### Stored data
(* Let $\{\mu_t\}$ be a free convolution semigroup as described in the context. Any martingale polynomial for $\{\mu_t\}$ is a (finite) linear combination, with complex coefficients, of the elements of the standard Sheffer system for $\{\mu_t\}$.
   Context: Let $\mu$ be a freely infinitely divisible probability measure on $\mathbb R$ with finite moments of all orders, and $\{\mu_t\}_{t\ge0}$ the free convolution semigroup with $\mu_0=\delta_0$, $\mu_1=\mu$, $R_{\mu_t}=tR_\mu$. Write $G_t(z)=\sum_n\langle\mu_t,x^n\rangle z^{-(n+1)}$ (Cauchy transform, formal series in $z^{-1}$), $K_t$ its compositional inverse, $K_t(z)=\frac1z+t\sum_{n\ge1}r_nz^{n-1}$ with $r_n$ the free cumulants of $\mu$, and $F_{s,t}=K_s\circ G_t$. Let $\mathrm{Res}_z(x)=\frac{1}{z-x}=\sum_{n\ge0}x^nz^{-(n+1)}$. For $s\le t$, $\mathcal K_{s,t}$ is the linear operator on $\mathbb C[x]$ determined (coefficientwise in the formal expansion in $z^{-1}$) by $\mathcal K_{s,t}(\mathrm{Res}_z)=\mathrm{Res}_{F_{s,t}(z)}$; these are the transition operators of the free Lévy process with distributions $\mu_t$, i.e. $\mathbb E_s[f(X(t))]=(\mathcal K_{s,t}f)(X(s))$. A martingale polynomial for $\{\mu_t\}$ is a function $p(x,t)$, polynomial in $x$ for each $t$, with $\mathcal K_{s,t}(p(\cdot,t))=p(\cdot,s)$ for all $s<t$. The standard Sheffer system for $\{\mu_t\}$ is the family $\{Q_n(x,t)\}_{n\ge0}$ defined by $\frac{1}{z(K_t(z)-x)}=\sum_{n\ge0}Q_n(x,t)z^n$; $Q_n$ is monic of degree $n$ in $x$. *)

theory Defs
  imports "HOL-Probability.Probability" "HOL-Computational_Algebra.Polynomial"
    "HOL-Computational_Algebra.Formal_Power_Series"
begin

text \<open>All formal series in z^{-1} are written as formal power series in w = z^{-1}.\<close>

definition mom :: "real measure \<Rightarrow> nat \<Rightarrow> complex" where
  "mom M n = complex_of_real (integral\<^sup>L M (\<lambda>x. x ^ n))"

text \<open>Cauchy transform G_M(z) = sum_n m_n z^{-(n+1)}, written as a power series in w = 1/z:
  cauchy_fps M = sum_n m_n w^(n+1).\<close>
definition cauchy_fps :: "real measure \<Rightarrow> complex fps" where
  "cauchy_fps M = fps_X * Abs_fps (mom M)"

text \<open>K_M is the compositional inverse of G_M. In the variable w = 1/z this means
  1 / K_M(zeta) = fps_inv (cauchy_fps M) (zeta).  zK_fps M is the power series zeta * K_M(zeta).\<close>
definition zK_fps :: "real measure \<Rightarrow> complex fps" where
  "zK_fps M = fps_X / fps_inv (cauchy_fps M)"

text \<open>Free cumulants: K_M(z) = 1/z + sum_{n>=1} r_n z^(n-1), i.e. z K_M(z) = 1 + sum r_n z^n.\<close>
definition free_cumulant :: "real measure \<Rightarrow> nat \<Rightarrow> complex" where
  "free_cumulant M n = fps_nth (zK_fps M) n"

definition prob_with_moments :: "real measure \<Rightarrow> bool" where
  "prob_with_moments M \<longleftrightarrow> prob_space M \<and> sets M = sets borel \<and>
     (\<forall>n::nat. integrable M (\<lambda>x. x ^ n))"

text \<open>{mu t}_{t>=0} is the free convolution semigroup of mu = mu 1:
  mu 0 = delta_0, and R_{mu_t} = t R_mu, i.e. the free cumulants of mu t are t times those of mu.\<close>
definition free_conv_semigroup :: "(real \<Rightarrow> real measure) \<Rightarrow> bool" where
  "free_conv_semigroup mu \<longleftrightarrow>
     (\<forall>t\<ge>0. prob_with_moments (mu t)) \<and> mu 0 = return borel 0 \<and>
     (\<forall>t\<ge>0. \<forall>n\<ge>1. free_cumulant (mu t) n = complex_of_real t * free_cumulant (mu 1) n)"

text \<open>u_{s,t}(w) = 1 / F_{s,t}(1/w) where F_{s,t} = K_s o G_t.
  Since K_s(zeta) = (zeta K_s(zeta)) / zeta, we get u = G_t / ((zK_s) o G_t).\<close>
definition u_fps :: "(real \<Rightarrow> real measure) \<Rightarrow> real \<Rightarrow> real \<Rightarrow> complex fps" where
  "u_fps mu s t = cauchy_fps (mu t) * inverse (zK_fps (mu s) oo cauchy_fps (mu t))"

text \<open>K_{s,t}(Res_z) = Res_{F_{s,t}(z)}:  sum_k K_{s,t}(x^k) w^(k+1) = sum_n x^n u(w)^(n+1).
  Comparing coefficients of w^(k+1) (only n <= k contribute, as u = w + O(w^2)):\<close>
definition Kmon :: "(real \<Rightarrow> real measure) \<Rightarrow> real \<Rightarrow> real \<Rightarrow> nat \<Rightarrow> complex poly" where
  "Kmon mu s t k = (\<Sum>n\<le>k. monom (fps_nth (u_fps mu s t ^ (n + 1)) (k + 1)) n)"

definition Kop :: "(real \<Rightarrow> real measure) \<Rightarrow> real \<Rightarrow> real \<Rightarrow> complex poly \<Rightarrow> complex poly" where
  "Kop mu s t p = (\<Sum>k\<le>degree p. smult (coeff p k) (Kmon mu s t k))"

definition martingale_poly :: "(real \<Rightarrow> real measure) \<Rightarrow> (real \<Rightarrow> complex poly) \<Rightarrow> bool" where
  "martingale_poly mu p \<longleftrightarrow> (\<forall>s t. 0 \<le> s \<longrightarrow> s < t \<longrightarrow> Kop mu s t (p t) = p s)"

text \<open>Standard Sheffer system: 1/(z(K_t(z) - x)) = sum_n Q_n(x,t) z^n, i.e.
  Q_n(x,t) is the n-th coefficient of inverse (zK_t(z) - x z).\<close>
definition sheffer_Q :: "(real \<Rightarrow> real measure) \<Rightarrow> nat \<Rightarrow> complex \<Rightarrow> real \<Rightarrow> complex" where
  "sheffer_Q mu n x t = fps_nth (inverse (zK_fps (mu t) - fps_const x * fps_X)) n"

end

theory Submission
  imports Defs
begin

text \<open>Since mu_0 = delta_0 we have K_0(z) = 1/z, hence F_{0,t} = 1/G_t, and the transition
  operator K_{0,t} maps x^k to sum_n [w^(k+1)] G_t(w)^(n+1) x^n, where w = 1/z. Expanding
  1/(z(K_t(z) - x)) as a geometric series in the compositional inverse V_t of G_t gives
  Q_n(x,t) = sum_j [w^(n+1)] V_t(w)^(j+1) x^j. The two coefficient matrices are mutually inverse
  because V_t o G_t = id, so the martingale condition at s = 0, K_{0,t} p(.,t) = p(.,0), inverts to
  p(.,t) = sum_n [x^n] p(.,0) Q_n(.,t).\<close>

definition poly_linear_ext :: "(nat \<Rightarrow> 'a::comm_ring_1 poly) \<Rightarrow> 'a poly \<Rightarrow> 'a poly" where
  "poly_linear_ext f p = (\<Sum>k\<le>degree p. smult (coeff p k) (f k))"

lemma poly_linear_ext_atMost:
  "degree p \<le> m \<Longrightarrow> poly_linear_ext f p = (\<Sum>k\<le>m. smult (coeff p k) (f k))"
  unfolding poly_linear_ext_def by (rule sum.mono_neutral_left) (auto simp: coeff_eq_0)

lemma poly_linear_ext_0 [simp]: "poly_linear_ext f 0 = 0"
  by (simp add: poly_linear_ext_def)

lemma poly_linear_ext_add: "poly_linear_ext f (p + q) = poly_linear_ext f p + poly_linear_ext f q"
proof -
  let ?m = "max (degree p) (degree q)"
  have "degree (p + q) \<le> ?m"
    by (rule degree_add_le) auto
  then show ?thesis
    by (simp add: poly_linear_ext_atMost[of _ ?m] smult_add_left sum.distrib)
qed

lemma poly_linear_ext_sum: "poly_linear_ext f (sum g A) = (\<Sum>i\<in>A. poly_linear_ext f (g i))"
  by (induction A rule: infinite_finite_induct) (auto simp: poly_linear_ext_add)

lemma smult_sum_right: "smult c (sum f A) = (\<Sum>i\<in>A. smult c (f i))"
  by (induction A rule: infinite_finite_induct) (auto simp: smult_add_right)

lemma poly_linear_ext_smult: "poly_linear_ext f (smult c p) = smult c (poly_linear_ext f p)"
  by (simp add: poly_linear_ext_atMost[OF degree_smult_le] poly_linear_ext_def[of f p]
      smult_sum_right smult_smult)

lemma poly_linear_ext_monom: "poly_linear_ext f (monom c k) = smult c (f k)"
proof -
  have "poly_linear_ext f (monom c k) = (\<Sum>i\<le>k. if i = k then smult c (f i) else 0)"
    by (intro poly_linear_ext_atMost[OF degree_monom_le, THEN trans] sum.cong)
      (auto simp: coeff_monom)
  then show ?thesis by simp
qed

lemma poly_linear_ext_monom_1 [simp]: "poly_linear_ext (monom 1) p = p"
  by (simp add: poly_linear_ext_def smult_monom poly_as_sum_of_monoms)

definition power_coeff_poly :: "'a::comm_ring_1 fps \<Rightarrow> nat \<Rightarrow> 'a poly" where
  "power_coeff_poly G k = (\<Sum>n\<le>k. monom (fps_nth (G ^ (n + 1)) (k + 1)) n)"

lemma coeff_power_coeff_poly:
  assumes "fps_nth G 0 = 0"
  shows "coeff (power_coeff_poly G k) j = fps_nth (G ^ (j + 1)) (k + 1)"
proof (cases "j \<le> k")
  case True
  then show ?thesis
    by (simp add: power_coeff_poly_def coeff_sum coeff_monom)
next
  case False
  then show ?thesis
    using startsby_zero_power_prefix[OF assms, of "j + 1"]
    by (simp add: power_coeff_poly_def coeff_sum coeff_monom)
qed

lemma power_coeff_poly_fps_X: "power_coeff_poly fps_X = monom 1"
  by (intro ext poly_eqI) (simp add: coeff_power_coeff_poly fps_X_power_nth coeff_monom del: power_Suc)

lemma fps_compose_nth_Suc:
  "fps_nth (F oo G) (Suc k) = (\<Sum>n\<le>k. fps_nth F (Suc n) * fps_nth (G ^ Suc n) (Suc k))"
  unfolding fps_compose_nth atLeast0AtMost sum.atMost_Suc_shift by simp

lemma fps_inv_power_coeffs_inverse:
  assumes G0: "fps_nth G 0 = 0" and G1: "fps_nth G 1 \<noteq> 0"
  shows "(\<Sum>n\<le>k. fps_nth (G ^ (n + 1)) (k + 1) * fps_nth (fps_inv G ^ (j + 1)) (n + 1))
           = (if j = k then 1 else 0)"
proof -
  have "fps_inv G ^ (j + 1) oo G = (fps_inv G oo G) ^ (j + 1)"
    by (rule fps_compose_power[OF G0, symmetric])
  also have "\<dots> = fps_X ^ (j + 1)"
    by (simp add: fps_inv[OF G0 G1])
  finally have "fps_nth (fps_inv G ^ (j + 1) oo G) (k + 1) = fps_nth (fps_X ^ (j + 1)) (k + 1)"
    by simp
  then show ?thesis
    by (simp add: fps_compose_nth_Suc fps_X_power_nth mult.commute del: power_Suc)
qed

lemma poly_linear_ext_power_coeff_poly_fps_inv:
  assumes G0: "fps_nth G 0 = 0" and G1: "fps_nth G 1 \<noteq> 0"
  shows "poly_linear_ext (power_coeff_poly (fps_inv G)) (poly_linear_ext (power_coeff_poly G) q) = q"
proof -
  have V0: "fps_nth (fps_inv G) 0 = 0"
    by (simp add: fps_inv_def)
  have column: "poly_linear_ext (power_coeff_poly (fps_inv G)) (power_coeff_poly G k) = monom 1 k"
    for k
  proof (rule poly_eqI)
    fix j
    have "coeff (poly_linear_ext (power_coeff_poly (fps_inv G)) (power_coeff_poly G k)) j
          = (\<Sum>n\<le>k. fps_nth (G ^ (n + 1)) (k + 1) * fps_nth (fps_inv G ^ (j + 1)) (n + 1))"
      by (simp add: power_coeff_poly_def[of G] poly_linear_ext_sum poly_linear_ext_monom coeff_sum
          coeff_power_coeff_poly[OF V0] del: power_Suc)
    then show "coeff (poly_linear_ext (power_coeff_poly (fps_inv G)) (power_coeff_poly G k)) j
          = coeff (monom 1 k) j"
      using fps_inv_power_coeffs_inverse[OF G0 G1, of k j] by (simp add: coeff_monom del: power_Suc)
  qed
  show ?thesis
    by (simp add: poly_linear_ext_def[of "power_coeff_poly G"] poly_linear_ext_sum
        poly_linear_ext_smult column smult_monom poly_as_sum_of_monoms)
qed

lemma fps_nth_inverse_X_div_sub:
  fixes V :: "'a::field_char_0 fps"
  assumes V0: "fps_nth V 0 = 0" and V1: "fps_nth V 1 \<noteq> 0"
  shows "fps_nth (inverse (fps_X / V - fps_const c * fps_X)) n = poly (power_coeff_poly V n) c"
proof -
  define I where "I = inverse (1 - fps_const c * V)"
  define B where "B = (fps_X * inverse (1 - fps_const c * fps_X)) oo V"
  have geometric: "inverse (1 - fps_const c * fps_X) = Abs_fps (\<lambda>k. c ^ k)"
    using one_minus_const_fps_X_neg_power'[of 1 c] by simp
  have B_nth: "fps_nth B (Suc n) = poly (power_coeff_poly V n) c"
    unfolding B_def geometric
    by (simp add: fps_compose_nth_Suc power_coeff_poly_def poly_sum poly_monom mult.commute)
  have B_eq: "B = V * I"
    by (simp add: B_def I_def fps_compose_mult_distrib[OF V0] fps_inverse_compose[OF V0]
        fps_compose_sub_distrib V0)
  have "V dvd fps_X"
    using V1 by (subst fps_dvd_iff) (auto intro: subdegree_leI)
  then have "fps_X / V * V = fps_X"
    by simp
  then have "(fps_X / V - fps_const c * fps_X) * B = fps_X * ((1 - fps_const c * V) * I)"
    unfolding B_eq
    by (metis (no_types, lifting) mult.assoc mult.commute right_diff_distrib mult.right_neutral)
  also have "\<dots> = fps_X"
    by (simp add: I_def inverse_mult_eq_1' V0)
  also have "B = fps_X * fps_shift 1 B"
    by (rule fps_ext) (simp add: B_def V0)
  finally have "(fps_X / V - fps_const c * fps_X) * fps_shift 1 B = 1"
    by (simp add: mult.left_commute[of fps_X])
  then have "inverse (fps_X / V - fps_const c * fps_X) = fps_shift 1 B"
    by (rule fps_inverse_unique)
  then show ?thesis
    by (simp add: B_nth)
qed

lemma cauchy_fps_nth_0: "fps_nth (cauchy_fps M) 0 = 0"
  by (simp add: cauchy_fps_def)

lemma cauchy_fps_nth_1:
  assumes "prob_with_moments M"
  shows "fps_nth (cauchy_fps M) 1 = 1"
proof -
  interpret prob_space M
    using assms by (simp add: prob_with_moments_def)
  show ?thesis
    by (simp add: cauchy_fps_def mom_def prob_space)
qed

lemma cauchy_fps_return_0: "cauchy_fps (return borel (0::real)) = fps_X"
proof -
  have "Abs_fps (mom (return borel 0)) = 1"
    by (rule fps_ext) (simp add: mom_def integral_return)
  then show ?thesis
    by (simp add: cauchy_fps_def)
qed

lemma fps_inv_fps_X: "fps_inv (fps_X :: 'a::field fps) = fps_X"
  using fps_inv[of "fps_X :: 'a fps"] by simp

lemma zK_fps_return_0: "zK_fps (return borel (0::real)) = 1"
  by (simp add: zK_fps_def cauchy_fps_return_0 fps_inv_fps_X)

lemma u_fps_0_left: "mu 0 = return borel 0 \<Longrightarrow> u_fps mu 0 t = cauchy_fps (mu t)"
  by (simp add: u_fps_def zK_fps_return_0)

lemma Kop_eq_poly_linear_ext: "Kop mu s t = poly_linear_ext (power_coeff_poly (u_fps mu s t))"
  by (simp add: fun_eq_iff Kop_def Kmon_def poly_linear_ext_def power_coeff_poly_def)

lemma sheffer_Q_eq_poly:
  assumes "prob_with_moments (mu t)"
  shows "sheffer_Q mu n x t = poly (power_coeff_poly (fps_inv (cauchy_fps (mu t))) n) x"
proof -
  let ?V = "fps_inv (cauchy_fps (mu t))"
  have "fps_nth ?V 0 = 0" "fps_nth ?V 1 \<noteq> 0"
    using cauchy_fps_nth_1[OF assms] by (simp_all add: fps_inv_def)
  then show ?thesis
    using fps_nth_inverse_X_div_sub by (simp add: sheffer_Q_def zK_fps_def)
qed

lemma martingale_poly_eq_poly_linear_ext:
  assumes "martingale_poly mu p" and "mu 0 = return borel 0" and "t \<ge> 0"
    and "prob_with_moments (mu t)"
  shows "p t = poly_linear_ext (power_coeff_poly (fps_inv (cauchy_fps (mu t)))) (p 0)"
proof (cases "t = 0")
  case True
  then show ?thesis
    using assms(2) by (simp add: cauchy_fps_return_0 fps_inv_fps_X power_coeff_poly_fps_X)
next
  case False
  then have "Kop mu 0 t (p t) = p 0"
    using assms(1,3) by (simp add: martingale_poly_def)
  then have "poly_linear_ext (power_coeff_poly (cauchy_fps (mu t))) (p t) = p 0"
    using assms(2) by (simp add: Kop_eq_poly_linear_ext u_fps_0_left)
  moreover have "fps_nth (cauchy_fps (mu t)) 1 \<noteq> 0"
    using cauchy_fps_nth_1[OF assms(4)] by simp
  ultimately show ?thesis
    by (metis poly_linear_ext_power_coeff_poly_fps_inv cauchy_fps_nth_0)
qed

theorem lemma2p1:
  fixes mu :: "real \<Rightarrow> real measure" and p :: "real \<Rightarrow> complex poly"
  assumes "free_conv_semigroup mu"
    and "martingale_poly mu p"
  shows "\<exists>N::nat. \<exists>c :: nat \<Rightarrow> complex. \<forall>t\<ge>0. \<forall>x::complex.
           poly (p t) x = (\<Sum>n\<le>N. c n * sheffer_Q mu n x t)"
proof (intro exI allI impI)
  fix t :: real and x :: complex
  assume t: "t \<ge> 0"
  have mu0: "mu 0 = return borel 0" and moments: "prob_with_moments (mu t)"
    using assms(1) t by (simp_all add: free_conv_semigroup_def)
  have "p t = poly_linear_ext (power_coeff_poly (fps_inv (cauchy_fps (mu t)))) (p 0)"
    by (rule martingale_poly_eq_poly_linear_ext[OF assms(2) mu0 t moments])
  then show "poly (p t) x = (\<Sum>n\<le>degree (p 0). coeff (p 0) n * sheffer_Q mu n x t)"
    by (simp add: poly_linear_ext_def poly_sum sheffer_Q_eq_poly[of mu t, OF moments])
qed

end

### TASK GOAL
Take the entries above and copy out all lines with the string "auto".

### EXERCISE OUTPUT
  unfolding poly_linear_ext_def by (rule sum.mono_neutral_left) (auto simp: coeff_eq_0)
    by (rule degree_add_le) auto
  by (induction A rule: infinite_finite_induct) (auto simp: poly_linear_ext_add)
  by (induction A rule: infinite_finite_induct) (auto simp: smult_add_right)
      (auto simp: coeff_monom)
    using V1 by (subst fps_dvd_iff) (auto intro: subdegree_leI)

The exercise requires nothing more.